Extracted records:
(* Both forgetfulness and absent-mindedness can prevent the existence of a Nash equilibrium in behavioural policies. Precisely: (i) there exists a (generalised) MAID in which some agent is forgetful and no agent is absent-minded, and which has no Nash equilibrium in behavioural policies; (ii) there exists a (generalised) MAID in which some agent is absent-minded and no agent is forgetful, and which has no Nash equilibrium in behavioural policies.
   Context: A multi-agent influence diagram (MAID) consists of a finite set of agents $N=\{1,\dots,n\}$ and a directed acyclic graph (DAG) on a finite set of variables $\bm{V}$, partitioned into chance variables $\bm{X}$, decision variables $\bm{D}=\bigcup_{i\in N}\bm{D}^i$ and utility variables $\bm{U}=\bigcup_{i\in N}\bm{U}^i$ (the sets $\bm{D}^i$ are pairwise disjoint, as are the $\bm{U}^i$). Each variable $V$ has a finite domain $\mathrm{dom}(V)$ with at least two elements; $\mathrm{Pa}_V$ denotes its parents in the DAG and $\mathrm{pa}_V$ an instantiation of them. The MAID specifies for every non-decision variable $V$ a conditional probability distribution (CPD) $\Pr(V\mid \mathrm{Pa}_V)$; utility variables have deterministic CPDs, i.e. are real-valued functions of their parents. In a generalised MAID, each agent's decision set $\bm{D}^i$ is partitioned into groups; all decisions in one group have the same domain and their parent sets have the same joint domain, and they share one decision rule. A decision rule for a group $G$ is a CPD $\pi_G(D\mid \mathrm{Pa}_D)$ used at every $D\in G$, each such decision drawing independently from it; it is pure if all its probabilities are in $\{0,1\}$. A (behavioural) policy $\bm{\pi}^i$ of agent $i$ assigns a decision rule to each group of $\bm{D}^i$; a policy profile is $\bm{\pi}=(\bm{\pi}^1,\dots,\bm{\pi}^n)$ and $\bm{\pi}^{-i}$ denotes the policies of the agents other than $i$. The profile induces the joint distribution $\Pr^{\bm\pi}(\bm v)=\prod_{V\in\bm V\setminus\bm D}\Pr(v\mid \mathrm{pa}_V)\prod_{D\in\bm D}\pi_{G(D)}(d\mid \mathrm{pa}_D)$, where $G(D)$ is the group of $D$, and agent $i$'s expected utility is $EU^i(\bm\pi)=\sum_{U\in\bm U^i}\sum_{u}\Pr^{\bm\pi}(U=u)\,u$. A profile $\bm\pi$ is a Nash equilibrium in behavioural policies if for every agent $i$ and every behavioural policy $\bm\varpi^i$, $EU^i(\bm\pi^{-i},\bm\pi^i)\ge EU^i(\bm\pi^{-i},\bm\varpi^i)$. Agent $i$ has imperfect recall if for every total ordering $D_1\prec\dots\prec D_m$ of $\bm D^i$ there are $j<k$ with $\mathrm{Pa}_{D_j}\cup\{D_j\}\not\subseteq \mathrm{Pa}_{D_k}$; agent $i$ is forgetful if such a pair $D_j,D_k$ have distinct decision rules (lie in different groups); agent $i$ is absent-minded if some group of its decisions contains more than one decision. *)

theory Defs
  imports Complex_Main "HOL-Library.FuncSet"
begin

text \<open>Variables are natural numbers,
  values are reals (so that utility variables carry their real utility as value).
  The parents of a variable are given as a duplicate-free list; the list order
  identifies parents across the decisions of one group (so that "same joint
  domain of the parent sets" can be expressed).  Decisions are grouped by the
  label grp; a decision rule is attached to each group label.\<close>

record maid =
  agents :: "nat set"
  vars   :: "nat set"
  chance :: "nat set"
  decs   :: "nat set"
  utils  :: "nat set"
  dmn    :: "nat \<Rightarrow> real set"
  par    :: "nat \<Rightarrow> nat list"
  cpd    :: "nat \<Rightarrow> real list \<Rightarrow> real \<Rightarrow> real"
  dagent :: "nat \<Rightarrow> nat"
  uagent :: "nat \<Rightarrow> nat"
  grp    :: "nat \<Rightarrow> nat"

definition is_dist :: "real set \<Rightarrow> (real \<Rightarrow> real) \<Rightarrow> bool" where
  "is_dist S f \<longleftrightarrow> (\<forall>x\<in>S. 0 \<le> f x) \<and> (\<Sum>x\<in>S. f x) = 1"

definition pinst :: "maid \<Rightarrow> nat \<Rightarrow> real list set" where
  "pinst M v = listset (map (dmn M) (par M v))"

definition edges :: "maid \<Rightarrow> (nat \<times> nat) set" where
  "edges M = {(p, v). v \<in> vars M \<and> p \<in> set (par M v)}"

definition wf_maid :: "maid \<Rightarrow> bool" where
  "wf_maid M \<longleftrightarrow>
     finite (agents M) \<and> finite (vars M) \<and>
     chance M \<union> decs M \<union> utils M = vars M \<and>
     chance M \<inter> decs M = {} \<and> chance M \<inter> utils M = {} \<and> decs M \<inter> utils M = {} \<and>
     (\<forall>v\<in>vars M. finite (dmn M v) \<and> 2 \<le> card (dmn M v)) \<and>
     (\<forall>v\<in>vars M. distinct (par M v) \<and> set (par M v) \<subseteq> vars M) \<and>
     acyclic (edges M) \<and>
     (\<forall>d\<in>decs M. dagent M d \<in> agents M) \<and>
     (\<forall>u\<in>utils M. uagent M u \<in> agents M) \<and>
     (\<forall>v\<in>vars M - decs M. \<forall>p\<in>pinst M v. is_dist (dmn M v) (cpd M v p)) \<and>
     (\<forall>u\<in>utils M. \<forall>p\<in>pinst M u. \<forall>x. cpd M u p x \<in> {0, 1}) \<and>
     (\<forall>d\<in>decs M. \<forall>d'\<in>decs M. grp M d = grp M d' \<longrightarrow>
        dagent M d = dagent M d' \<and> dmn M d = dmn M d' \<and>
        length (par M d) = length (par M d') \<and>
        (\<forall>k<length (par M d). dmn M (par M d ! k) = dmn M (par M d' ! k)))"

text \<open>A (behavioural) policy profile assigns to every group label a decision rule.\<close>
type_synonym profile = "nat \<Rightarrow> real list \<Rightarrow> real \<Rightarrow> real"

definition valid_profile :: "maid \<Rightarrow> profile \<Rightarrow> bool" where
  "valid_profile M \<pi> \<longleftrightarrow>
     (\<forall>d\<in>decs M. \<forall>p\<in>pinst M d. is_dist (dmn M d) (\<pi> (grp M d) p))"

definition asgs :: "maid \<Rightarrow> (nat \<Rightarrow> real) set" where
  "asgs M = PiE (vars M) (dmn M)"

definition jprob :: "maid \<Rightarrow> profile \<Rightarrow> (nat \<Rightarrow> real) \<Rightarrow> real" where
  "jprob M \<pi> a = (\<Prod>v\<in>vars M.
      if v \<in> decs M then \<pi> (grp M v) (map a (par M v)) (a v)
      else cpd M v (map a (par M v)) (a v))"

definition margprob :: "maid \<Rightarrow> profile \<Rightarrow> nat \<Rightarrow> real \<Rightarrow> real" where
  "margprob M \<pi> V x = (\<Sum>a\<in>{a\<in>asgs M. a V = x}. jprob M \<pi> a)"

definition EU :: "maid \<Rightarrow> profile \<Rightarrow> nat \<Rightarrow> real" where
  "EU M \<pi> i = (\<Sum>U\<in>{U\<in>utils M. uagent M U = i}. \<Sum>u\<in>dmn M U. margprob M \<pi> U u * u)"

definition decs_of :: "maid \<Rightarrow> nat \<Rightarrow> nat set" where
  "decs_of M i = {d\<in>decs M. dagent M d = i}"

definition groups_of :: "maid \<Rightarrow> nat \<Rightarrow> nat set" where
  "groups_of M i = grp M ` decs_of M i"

:: Task item ::
Print every record above exactly as it stands.

:: Your solution ::
(* Both forgetfulness and absent-mindedness can prevent the existence of a Nash equilibrium in behavioural policies. Precisely: (i) there exists a (generalised) MAID in which some agent is forgetful and no agent is absent-minded, and which has no Nash equilibrium in behavioural policies; (ii) there exists a (generalised) MAID in which some agent is absent-minded and no agent is forgetful, and which has no Nash equilibrium in behavioural policies.
   Context: A multi-agent influence diagram (MAID) consists of a finite set of agents $N=\{1,\dots,n\}$ and a directed acyclic graph (DAG) on a finite set of variables $\bm{V}$, partitioned into chance variables $\bm{X}$, decision variables $\bm{D}=\bigcup_{i\in N}\bm{D}^i$ and utility variables $\bm{U}=\bigcup_{i\in N}\bm{U}^i$ (the sets $\bm{D}^i$ are pairwise disjoint, as are the $\bm{U}^i$). Each variable $V$ has a finite domain $\mathrm{dom}(V)$ with at least two elements; $\mathrm{Pa}_V$ denotes its parents in the DAG and $\mathrm{pa}_V$ an instantiation of them. The MAID specifies for every non-decision variable $V$ a conditional probability distribution (CPD) $\Pr(V\mid \mathrm{Pa}_V)$; utility variables have deterministic CPDs, i.e. are real-valued functions of their parents. In a generalised MAID, each agent's decision set $\bm{D}^i$ is partitioned into groups; all decisions in one group have the same domain and their parent sets have the same joint domain, and they share one decision rule. A decision rule for a group $G$ is a CPD $\pi_G(D\mid \mathrm{Pa}_D)$ used at every $D\in G$, each such decision drawing independently from it; it is pure if all its probabilities are in $\{0,1\}$. A (behavioural) policy $\bm{\pi}^i$ of agent $i$ assigns a decision rule to each group of $\bm{D}^i$; a policy profile is $\bm{\pi}=(\bm{\pi}^1,\dots,\bm{\pi}^n)$ and $\bm{\pi}^{-i}$ denotes the policies of the agents other than $i$. The profile induces the joint distribution $\Pr^{\bm\pi}(\bm v)=\prod_{V\in\bm V\setminus\bm D}\Pr(v\mid \mathrm{pa}_V)\prod_{D\in\bm D}\pi_{G(D)}(d\mid \mathrm{pa}_D)$, where $G(D)$ is the group of $D$, and agent $i$'s expected utility is $EU^i(\bm\pi)=\sum_{U\in\bm U^i}\sum_{u}\Pr^{\bm\pi}(U=u)\,u$. A profile $\bm\pi$ is a Nash equilibrium in behavioural policies if for every agent $i$ and every behavioural policy $\bm\varpi^i$, $EU^i(\bm\pi^{-i},\bm\pi^i)\ge EU^i(\bm\pi^{-i},\bm\varpi^i)$. Agent $i$ has imperfect recall if for every total ordering $D_1\prec\dots\prec D_m$ of $\bm D^i$ there are $j<k$ with $\mathrm{Pa}_{D_j}\cup\{D_j\}\not\subseteq \mathrm{Pa}_{D_k}$; agent $i$ is forgetful if such a pair $D_j,D_k$ have distinct decision rules (lie in different groups); agent $i$ is absent-minded if some group of its decisions contains more than one decision. *)

theory Defs
  imports Complex_Main "HOL-Library.FuncSet"
begin

text \<open>Variables are natural numbers,
  values are reals (so that utility variables carry their real utility as value).
  The parents of a variable are given as a duplicate-free list; the list order
  identifies parents across the decisions of one group (so that "same joint
  domain of the parent sets" can be expressed).  Decisions are grouped by the
  label grp; a decision rule is attached to each group label.\<close>

record maid =
  agents :: "nat set"
  vars   :: "nat set"
  chance :: "nat set"
  decs   :: "nat set"
  utils  :: "nat set"
  dmn    :: "nat \<Rightarrow> real set"
  par    :: "nat \<Rightarrow> nat list"
  cpd    :: "nat \<Rightarrow> real list \<Rightarrow> real \<Rightarrow> real"
  dagent :: "nat \<Rightarrow> nat"
  uagent :: "nat \<Rightarrow> nat"
  grp    :: "nat \<Rightarrow> nat"

definition is_dist :: "real set \<Rightarrow> (real \<Rightarrow> real) \<Rightarrow> bool" where
  "is_dist S f \<longleftrightarrow> (\<forall>x\<in>S. 0 \<le> f x) \<and> (\<Sum>x\<in>S. f x) = 1"

definition pinst :: "maid \<Rightarrow> nat \<Rightarrow> real list set" where
  "pinst M v = listset (map (dmn M) (par M v))"

definition edges :: "maid \<Rightarrow> (nat \<times> nat) set" where
  "edges M = {(p, v). v \<in> vars M \<and> p \<in> set (par M v)}"

definition wf_maid :: "maid \<Rightarrow> bool" where
  "wf_maid M \<longleftrightarrow>
     finite (agents M) \<and> finite (vars M) \<and>
     chance M \<union> decs M \<union> utils M = vars M \<and>
     chance M \<inter> decs M = {} \<and> chance M \<inter> utils M = {} \<and> decs M \<inter> utils M = {} \<and>
     (\<forall>v\<in>vars M. finite (dmn M v) \<and> 2 \<le> card (dmn M v)) \<and>
     (\<forall>v\<in>vars M. distinct (par M v) \<and> set (par M v) \<subseteq> vars M) \<and>
     acyclic (edges M) \<and>
     (\<forall>d\<in>decs M. dagent M d \<in> agents M) \<and>
     (\<forall>u\<in>utils M. uagent M u \<in> agents M) \<and>
     (\<forall>v\<in>vars M - decs M. \<forall>p\<in>pinst M v. is_dist (dmn M v) (cpd M v p)) \<and>
     (\<forall>u\<in>utils M. \<forall>p\<in>pinst M u. \<forall>x. cpd M u p x \<in> {0, 1}) \<and>
     (\<forall>d\<in>decs M. \<forall>d'\<in>decs M. grp M d = grp M d' \<longrightarrow>
        dagent M d = dagent M d' \<and> dmn M d = dmn M d' \<and>
        length (par M d) = length (par M d') \<and>
        (\<forall>k<length (par M d). dmn M (par M d ! k) = dmn M (par M d' ! k)))"

text \<open>A (behavioural) policy profile assigns to every group label a decision rule.\<close>
type_synonym profile = "nat \<Rightarrow> real list \<Rightarrow> real \<Rightarrow> real"

definition valid_profile :: "maid \<Rightarrow> profile \<Rightarrow> bool" where
  "valid_profile M \<pi> \<longleftrightarrow>
     (\<forall>d\<in>decs M. \<forall>p\<in>pinst M d. is_dist (dmn M d) (\<pi> (grp M d) p))"

definition asgs :: "maid \<Rightarrow> (nat \<Rightarrow> real) set" where
  "asgs M = PiE (vars M) (dmn M)"

definition jprob :: "maid \<Rightarrow> profile \<Rightarrow> (nat \<Rightarrow> real) \<Rightarrow> real" where
  "jprob M \<pi> a = (\<Prod>v\<in>vars M.
      if v \<in> decs M then \<pi> (grp M v) (map a (par M v)) (a v)
      else cpd M v (map a (par M v)) (a v))"

definition margprob :: "maid \<Rightarrow> profile \<Rightarrow> nat \<Rightarrow> real \<Rightarrow> real" where
  "margprob M \<pi> V x = (\<Sum>a\<in>{a\<in>asgs M. a V = x}. jprob M \<pi> a)"

definition EU :: "maid \<Rightarrow> profile \<Rightarrow> nat \<Rightarrow> real" where
  "EU M \<pi> i = (\<Sum>U\<in>{U\<in>utils M. uagent M U = i}. \<Sum>u\<in>dmn M U. margprob M \<pi> U u * u)"

definition decs_of :: "maid \<Rightarrow> nat \<Rightarrow> nat set" where
  "decs_of M i = {d\<in>decs M. dagent M d = i}"

definition groups_of :: "maid \<Rightarrow> nat \<Rightarrow> nat set" where
  "groups_of M i = grp M ` decs_of M i"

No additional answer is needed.